→ Assignment: Write only the number of lines in the entries below that contain the word "ultimately".

→ Exercise data:
=======

(* The unary implicit signature $\kappa$ is pure: for every positive integer $d$ and every $\alpha\in\widehat{\mathbb N}$, if $d\alpha$ is a $\bar\kappa$-exponent, then $\alpha$ is a $\bar\kappa$-exponent.
   Context: $\widehat{\mathbb N}$ is the profinite completion of $(\mathbb N,+)$. $\kappa$ is the implicit signature consisting of multiplication and the unary $(\omega-1)$-power. For a unary implicit signature (multiplication plus some $\alpha$-power operations with $\alpha\in\widehat{\mathbb N}\setminus\mathbb N$), its exponents are the $\alpha$ whose $\alpha$-power belongs to it; it is complete if its exponent set is stable under $\alpha\mapsto\alpha\pm1$, and $\bar\kappa$ is the smallest complete unary signature containing $\kappa$ (its exponents are $\omega+n$, $n\in\mathbb Z$). *)

theory Defs
  imports Main
begin

text \<open>The profinite completion of the additive monoid of natural numbers, realised as
  the inverse limit of its finite quotients.  Every finite quotient of (nat,+) is a
  cyclic monoid C(i,p) = nat / (i = i+p) (index i, period p > 0), represented by
  {0..<i+p}; the canonical map nat -> C(i,p) is red i p.  For i <= i' and p dvd p'
  the quotient map C(i',p') -> C(i,p) is again red i p.  An element is a compatible
  family (x i p) for p > 0 (components with p = 0 are normalised to 0).\<close>

definition red :: "nat \<Rightarrow> nat \<Rightarrow> nat \<Rightarrow> nat" where
  "red i p m = (if m < i then m else i + (m - i) mod p)"

typedef pnat = "{x :: nat \<Rightarrow> nat \<Rightarrow> nat.
    (\<forall>i. x i 0 = 0) \<and>
    (\<forall>i p. 0 < p \<longrightarrow> x i p < i + p) \<and>
    (\<forall>i p i' p'. 0 < p \<and> 0 < p' \<and> i \<le> i' \<and> p dvd p' \<longrightarrow> x i p = red i p (x i' p'))}"
  by (rule exI[of _ "\<lambda>_ _. 0"]) (auto simp: red_def)

definition padd :: "pnat \<Rightarrow> pnat \<Rightarrow> pnat" where
  "padd x y = Abs_pnat (\<lambda>i p. if p = 0 then 0 else red i p (Rep_pnat x i p + Rep_pnat y i p))"

definition pnat_of_nat :: "nat \<Rightarrow> pnat" where
  "pnat_of_nat n = Abs_pnat (\<lambda>i p. if p = 0 then 0 else red i p n)"

primrec pmult :: "nat \<Rightarrow> pnat \<Rightarrow> pnat" where
  "pmult 0 a = pnat_of_nat 0"
| "pmult (Suc n) a = padd a (pmult n a)"

text \<open>omega = lim n!, computed componentwise (n! is eventually constant in each C(i,p)).\<close>
definition pomega :: pnat where
  "pomega = Abs_pnat (\<lambda>i p. if p = 0 then 0 else red i p (fact (i + p)))"

text \<open>Exponents of the completion of kappa: omega + n, n an integer.  For n >= 0 this is
  omega + n; for n = -m < 0 it is the element beta with beta + m = omega.\<close>
definition kbar_exponent :: "pnat \<Rightarrow> bool" where
  "kbar_exponent \<alpha> \<longleftrightarrow>
     (\<exists>n::nat. \<alpha> = padd pomega (pnat_of_nat n) \<or> padd \<alpha> (pnat_of_nat n) = pomega)"

end

theory Submission
  imports Defs
begin

text \<open>An element of the completion equals \<open>\<omega> + k\<close> (\<open>k \<in> \<int>\<close>) exactly when each of its components
  lies in the periodic part of its cyclic quotient and is congruent to \<open>k\<close> modulo the period.
  A component in the finite part stays there, with the same value, as the index grows; so if
  \<open>d\<alpha> = \<omega> + k\<close> then all components of \<open>\<alpha>\<close> are periodic. Reading \<open>d\<alpha>\<close> at period \<open>d\<close> gives
  \<open>d dvd k\<close>, and reading it at period \<open>dp\<close> gives \<open>\<alpha> \<equiv> k div d\<close> modulo \<open>p\<close>.\<close>

lemma mod_eq_iff_int_dvd_diff: "(a::nat) mod p = b mod p \<longleftrightarrow> int p dvd int a - int b"
  by (metis mod_eq_dvd_iff of_nat_eq_iff of_nat_mod)

lemma red_below: "m < i \<Longrightarrow> red i p m = m"
  by (simp add: red_def)

lemma red_less: "0 < p \<Longrightarrow> red i p m < i + p"
  by (auto simp: red_def)

lemma red_ge_iff: "0 < p \<Longrightarrow> i \<le> red i p m \<longleftrightarrow> i \<le> m"
  by (auto simp: red_def)

lemma red_mod: "i \<le> m \<Longrightarrow> red i p m mod p = m mod p"
  by (simp add: red_def mod_add_right_eq)

lemma red_int_dvd: "i \<le> m \<Longrightarrow> int p dvd int (red i p m) - int m"
  using red_mod by (simp add: mod_eq_iff_int_dvd_diff)

lemma red_cong:
  assumes "0 < p" "i \<le> a" "i \<le> b" "a mod p = b mod p"
  shows "red i p a = red i p b"
proof -
  have "(i + (a - i)) mod p = (i + (b - i)) mod p" using assms by simp
  then have "(a - i) mod p = (b - i) mod p" by (simp add: mod_eq_iff_int_dvd_diff)
  then show ?thesis using assms by (simp add: red_def)
qed

lemma red_unique:
  assumes "0 < p" "i \<le> v" "v < i + p" "i \<le> m" "int p dvd int v - int m"
  shows "v = red i p m"
proof -
  have "red i p v = v" using assms by (simp add: red_def le_mod_geq)
  moreover have "red i p v = red i p m"
    using assms by (intro red_cong) (auto simp: mod_eq_iff_int_dvd_diff)
  ultimately show ?thesis by simp
qed

lemma red_red:
  assumes "0 < p" "i \<le> i'" "p dvd p'"
  shows "red i p (red i' p' m) = red i p m"
proof (cases "m < i'")
  case True then show ?thesis by (simp add: red_below)
next
  case False
  then have "red i' p' m mod p = m mod p"
    using assms(3) red_mod[of i' m p'] by (metis mod_mod_cancel not_less)
  moreover have "i' \<le> red i' p' m" using False red_ge_iff[of p' i' m] assms by (auto simp: red_def)
  ultimately show ?thesis using assms False by (intro red_cong) auto
qed

lemma red_add_red_right: "0 < p \<Longrightarrow> red i p (a + red i p b) = red i p (a + b)"
proof (cases "b < i")
  case True then show ?thesis by (simp add: red_below)
next
  case False
  assume "0 < p"
  moreover have "i \<le> red i p b" using False \<open>0 < p\<close> red_ge_iff by auto
  moreover have "(a + red i p b) mod p = (a + b) mod p"
    using red_mod[of i b p] False by (metis mod_add_right_eq not_less)
  ultimately show ?thesis using False by (intro red_cong) auto
qed

lemma red_add_red_left: "0 < p \<Longrightarrow> red i p (red i p a + b) = red i p (a + b)"
  using red_add_red_right[of p i b a] by (simp add: add.commute)

lemma Rep_pnat_compat:
  "0 < p \<Longrightarrow> 0 < p' \<Longrightarrow> i \<le> i' \<Longrightarrow> p dvd p' \<Longrightarrow> Rep_pnat x i p = red i p (Rep_pnat x i' p')"
  using Rep_pnat[of x] by auto

lemma Rep_pnat_less: "0 < p \<Longrightarrow> Rep_pnat x i p < i + p"
  using Rep_pnat[of x] by auto

lemma Rep_pnat_period_0: "Rep_pnat x i 0 = 0"
  using Rep_pnat[of x] by auto

lemma Rep_pnat_Abs_pnat_red:
  assumes compat: "\<And>i p i' p'. 0 < p \<Longrightarrow> 0 < p' \<Longrightarrow> i \<le> i' \<Longrightarrow> p dvd p' \<Longrightarrow>
      red i p (g i p) = red i p (g i' p')"
    and "0 < p"
  shows "Rep_pnat (Abs_pnat (\<lambda>i p. if p = 0 then 0 else red i p (g i p))) i p = red i p (g i p)"
proof -
  have "(\<lambda>i p. if p = 0 then 0 else red i p (g i p)) \<in> {x. (\<forall>i. x i 0 = 0) \<and>
      (\<forall>i p. 0 < p \<longrightarrow> x i p < i + p) \<and>
      (\<forall>i p i' p'. 0 < p \<and> 0 < p' \<and> i \<le> i' \<and> p dvd p' \<longrightarrow> x i p = red i p (x i' p'))}"
    using compat by (auto simp: red_less red_red)
  then show ?thesis using \<open>0 < p\<close> by (simp add: Abs_pnat_inverse)
qed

=======

→ Worked solution: 3